§ **Work order**
The exercise asks you to copy every line below in which "False" appears.

§ **Data for review**

(* Let $P,Q$ be nonzero coprime integers with $\Delta:=P^2-4Q\neq0$, such that $\alpha/\beta$ is not a root of unity, where $\alpha,\beta$ are the roots of $x^2-Px+Q$. Let $(U_n)$ be the Lucas sequence $U_n=(\alpha^n-\beta^n)/(\alpha-\beta)$. Then for all positive integers $n,k$ with $n\ge k$, \[\mathrm{lcm}\left\{\binom{n}{m}_{\boldsymbol U}:\ 1\le m\le k\right\}=\frac{\mathrm{lcm}(U_{n+1},U_n,\dots,U_{n-k+1})}{|U_{n+1}|}.\]
   Context: $U_0=0$, $U_1=1$, $U_{n+2}=PU_{n+1}-QU_n$. For $n\ge k\ge1$, $\binom{n}{k}_{\boldsymbol U}:=\frac{U_nU_{n-1}\cdots U_{n-k+1}}{U_1U_2\cdots U_k}$. *)

theory Defs
  imports Complex_Main
begin

fun lucasU :: "int \<Rightarrow> int \<Rightarrow> nat \<Rightarrow> int" where
  "lucasU P Q 0 = 0"
| "lucasU P Q (Suc 0) = 1"
| "lucasU P Q (Suc (Suc n)) = P * lucasU P Q (Suc n) - Q * lucasU P Q n"

text \<open>Lucasnomial (n choose k)_U = U_n U_{n-1} ... U_{n-k+1} / (U_1 ... U_k).
  The quotient is an integer for the sequences considered; it is computed with
  integer division.\<close>
definition lucasnomial :: "int \<Rightarrow> int \<Rightarrow> nat \<Rightarrow> nat \<Rightarrow> int" where
  "lucasnomial P Q n k =
     (\<Prod>i\<in>{n-k+1..n}. lucasU P Q i) div (\<Prod>i\<in>{1..k}. lucasU P Q i)"

end

theory Submission
  imports Defs "HOL-Computational_Algebra.Primes"
begin

(* For a prime p, the valuation g i = v_p(U_i) satisfies g (gcd a b) = min (g a) (g b) because U is a
   strong divisibility sequence. So each level set {i > 0. t <= g i} is the set of positive multiples
   of some d_t, and counting multiples shows, as in Kummer's theorem, that v_p of the U-nomial
   (n choose m)_U is the number of levels t at which m + (n - m) carries modulo d_t, i.e.
   n mod d_t < m mod d_t. These carry levels all lie in (g (n+1), g i] for one i in (n - m, n],
   and every level in (g (n+1), g i] with 0 < i <= n is a carry for m = n + 1 - i. Hence
   |U_(n+1)| (n choose m)_U divides lcm(U_(n-m+1), ..., U_(n+1)), and each U_i with i <= n divides
   U_(n+1) (n choose n+1-i)_U; comparing the two lcms gives the identity. *)

lemma div_add_eq_carry:
  fixes a b d :: nat
  shows "(a + b) div d = a div d + b div d + of_bool ((a + b) mod d < b mod d)"
proof (cases "d = 0")
  case False
  have "a mod d < d" and "b mod d < d"
    using False by simp_all
  have sum_mod: "(a + b) mod d = (a mod d + b mod d) mod d"
    by (rule mod_add_eq [symmetric])
  have "(a mod d + b mod d) div d = of_bool ((a + b) mod d < b mod d)"
  proof (cases "a mod d + b mod d < d")
    case True
    then show ?thesis
      using sum_mod by (simp add: div_less)
  next
    case False
    then have "a mod d + b mod d - d < d"
      using \<open>a mod d < d\<close> \<open>b mod d < d\<close> by linarith
    then have "(a mod d + b mod d) div d = 1" and "(a + b) mod d = a mod d + b mod d - d"
      using False sum_mod \<open>d \<noteq> 0\<close> by (simp_all add: le_div_geq le_mod_geq)
    moreover have "a mod d + b mod d - d < b mod d"
      using \<open>a mod d < d\<close> False by linarith
    ultimately show ?thesis
      by simp
  qed
  then show ?thesis
    using div_add1_eq [of a b d] by simp
qed simp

§ **Solution to this task**
  case False
    using False by simp_all
    case False
      using False sum_mod \<open>d \<noteq> 0\<close> by (simp_all add: le_div_geq le_mod_geq)
      using \<open>a mod d < d\<close> False by linarith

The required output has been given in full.